“The King will reply, ‘I tell you the truth, whatever you did for one of the least of these brothers of mine, you did for me.’ Matthew 25:40
Treat my spouse as I would Jesus? Not going to happen! One has to wonder if we really believe these plain words. Do you see Christ in your spouse and seek to meet his or her genuine needs as though he or she is Christ Himself standing before you? Do you see Christ in your child? In your parents? In your neighbor? (Use the definition of “neighbor Jesus gives in Luke 10:29). This account Jesus tells of the universal finale upon His return ought to be transformative in how you NOW treat others who are in the household of faith especially, and those who are not, but whom you hope will be. In His account of the sheep and the goats this is plainly what Jesus says. In fact, it is a definer in separating the sheep and the goats whose separation is forever. Is this intended as an incentive to give the next poor-looking panhandler a handout? Not necessarily; they are maybe not poor, or possibly feeding an addiction. “How blessed is the man who WISELY considers the poor man’s case.
Furthermore, Matthew 25 is not a command to care for the physically poor. However, the poor are included, while the full intent of the command concerns all that are spiritually poor, since there is a variable poverty of the knowledge of God and the fullness of the gospel in everyone. We minister to all members of the body of Christ in obeying these words of Jesus; we serve others who may not be in His family, because we genuinely hope by our ministry in His name to meet their needs, physically and spiritually, and bring them to the Savior and into His kingdom.

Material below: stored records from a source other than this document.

lemma plotkin_word_add:
  "plotkin_word \<mu> (a + a') (b + b') p = plotkin_word \<mu> a b p + plotkin_word \<mu> a' b' p"
  by (cases p) (simp add: plotkin_word_def algebra_simps)

lemma plotkin_word_smult:
  "plotkin_word \<mu> (smult r a) (smult r b) p = r * plotkin_word \<mu> a b p"
  by (cases p) (simp add: plotkin_word_def algebra_simps flip: smult_add_right)

lemma card_plotkin_word_nonzero:
  fixes S :: "'a::idom set"
  assumes "finite S" and "\<And>x. x \<in> S \<Longrightarrow> \<mu> x \<noteq> 0"
  shows "card {p\<in>S \<times> UNIV. plotkin_word \<mu> a b p \<noteq> 0}
           = card {x\<in>S. poly a x \<noteq> 0} + card {x\<in>S. poly (a + b) x \<noteq> 0}"
proof -
  let ?U = "{x\<in>S. poly a x \<noteq> 0}" and ?V = "{x\<in>S. poly (a + b) x \<noteq> 0}"
  have "{p\<in>S \<times> UNIV. plotkin_word \<mu> a b p \<noteq> 0} = (\<lambda>x. (x, False)) ` ?U \<union> (\<lambda>x. (x, True)) ` ?V"
    using assms(2) by (auto simp: plotkin_word_def image_iff split: if_splits)
  also have "card \<dots> = card ?U + card ?V"
    using assms(1) by (subst card_Un_disjoint) (auto simp: card_image inj_on_def)
  finally show ?thesis .
qed

lemma sum_plotkin_word_products:
  fixes a b a' b' :: "'a::comm_ring_1 poly"
  assumes "(2::'a) = 0"
  shows "(\<Sum>p\<in>S \<times> UNIV. plotkin_word \<mu> a b p * plotkin_word \<mu> a' b' p)
           = (\<Sum>x\<in>S. \<mu> x * \<mu> x * poly (a * b' + b * a' + b * b') x)"
proof -
  have "(\<Sum>p\<in>S \<times> UNIV. plotkin_word \<mu> a b p * plotkin_word \<mu> a' b' p)
        = (\<Sum>x\<in>S. \<Sum>t\<in>UNIV. plotkin_word \<mu> a b (x, t) * plotkin_word \<mu> a' b' (x, t))"
    by (simp add: sum.cartesian_product split_def)
  also have "\<dots> = (\<Sum>x\<in>S. \<mu> x * \<mu> x * (2 * (poly a x * poly a' x) + poly (a * b' + b * a' + b * b') x))"
    by (simp add: UNIV_bool plotkin_word_def algebra_simps del: mult_2)
  finally show ?thesis
    using assms by simp
qed

lemma sum_plotkin_word_products_eq_0:
  fixes S :: "'a::{field,finite} set" and a b a' b' :: "'a poly"
  assumes "even CARD('a)" and "\<And>x. \<mu> x * \<mu> x = poly (vanishing_poly (- S)) x"
    and "degree a < ka" "degree a' < ka" "degree b < kb" "degree b' < kb"
    and "ka + kb \<le> card S" "2 * kb \<le> card S"
  shows "(\<Sum>p\<in>S \<times> UNIV. plotkin_word \<mu> a b p * plotkin_word \<mu> a' b' p) = 0"
proof -
  have "degree (a * b') + 2 \<le> card S" "degree (b * a') + 2 \<le> card S" "degree (b * b') + 2 \<le> card S"
    using degree_mult_le[of a b'] degree_mult_le[of b a'] degree_mult_le[of b b'] assms(3-8)
    by linarith+
  then have "degree (a * b' + b * a' + b * b') + 2 \<le> card S"
    using degree_add_le_max[of "a * b'" "b * a'"] degree_add_le_max[of "a * b' + b * a'" "b * b'"]
    by linarith
  moreover have "(\<Sum>p\<in>S \<times> UNIV. plotkin_word \<mu> a b p * plotkin_word \<mu> a' b' p)
      = (\<Sum>x\<in>S. poly (vanishing_poly (- S)) x * poly (a * b' + b * a' + b * b') x)"
    by (simp only: sum_plotkin_word_products[OF even_card_imp_two_eq_0[OF assms(1)]] assms(2))
  ultimately show ?thesis
    by (simp only: sum_vanishing_poly_mult_eq_0)
qed

definition hamming_weight :: "'a::zero ^ 'n \<Rightarrow> nat" where
  "hamming_weight x = card {i. x $ i \<noteq> 0}"

lemma hamming_dist_eq_weight: "hamming_dist x y = hamming_weight (x - y)"
  for x y :: "'a::ab_group_add ^ 'n"
  by (simp add: hamming_dist_def hamming_weight_def)

lemma hamming_weight_vec_lambda_bij:
  assumes "bij_betw \<beta> UNIV T"
  shows "hamming_weight (\<chi> i. f (\<beta> i)) = card {p\<in>T. f p \<noteq> 0}"
proof -
  have "hamming_weight (\<chi> i. f (\<beta> i)) = card (\<beta> -` {p\<in>T. f p \<noteq> 0})"
    using assms by (auto simp: hamming_weight_def bij_betw_def intro!: arg_cong[where f = card])
  also have "\<dots> = card {p\<in>T. f p \<noteq> 0}"
    using assms by (intro card_vimage_inj) (auto simp: bij_betw_def)
  finally show ?thesis .
qed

The spiritually poor need to be fed; they need to drink the living water; they need to be clothed with the armor of salvation; they need to be transformed from aliens to adopted members of God’s family; they need to be healed with the balm of Gilead; they need to be set free from the bondage of sin. This is not primarily a passage for social justice as it is used in many circles, while ignoring much else in God’s Word; it is a passage requiring spiritual justice, giving flesh to Jesus’ command to love your neighbor as yourself, and loving God just as He has loved you!
Very unfortunately, seeing this passage only in terms of caring for the physically poor, has led many to miss the thrust of Jesus’ words concerning how we are to treat everyone around us, beginning with our own household (Jerusalem), our neighborhood (Samaria), our place of work, leisure, school, wherever we are called (the uttermost part of the world). Seeing our family members and our neighbors as Christ Jesus, transforms your eyes, hands, energy, mind, and heart. You begin to see them as He does. Not impossible; else He would not say what He has.
When you fail to be concerned enough about the spiritual needs in your brother, sister or child, when you bark at your spouse, when your own convenience and pleasure is your first thought, you need to become immediately pricked by this: you are treating Jesus the same way. The warning of Jesus in Matthew 25 ought to penetrate a calloused heart as you contemplate final judgment, if indeed you give it any serious thought. The warning of Jesus needs to stir your mind, “Many will say to me in that Day, ‘Lord, Lord, did we not…….!’ And he will say to them, ‘Depart from me, I never knew you!’ (Matthew 7:22) Those words bring an exclamation point to this account of the sheep and the goats. Which will you be? What are you now?
Relook with eyes of faith how you see those before you. See them as Jesus Himself. How would you treat Him if He were standing right in front of you? Well, He is!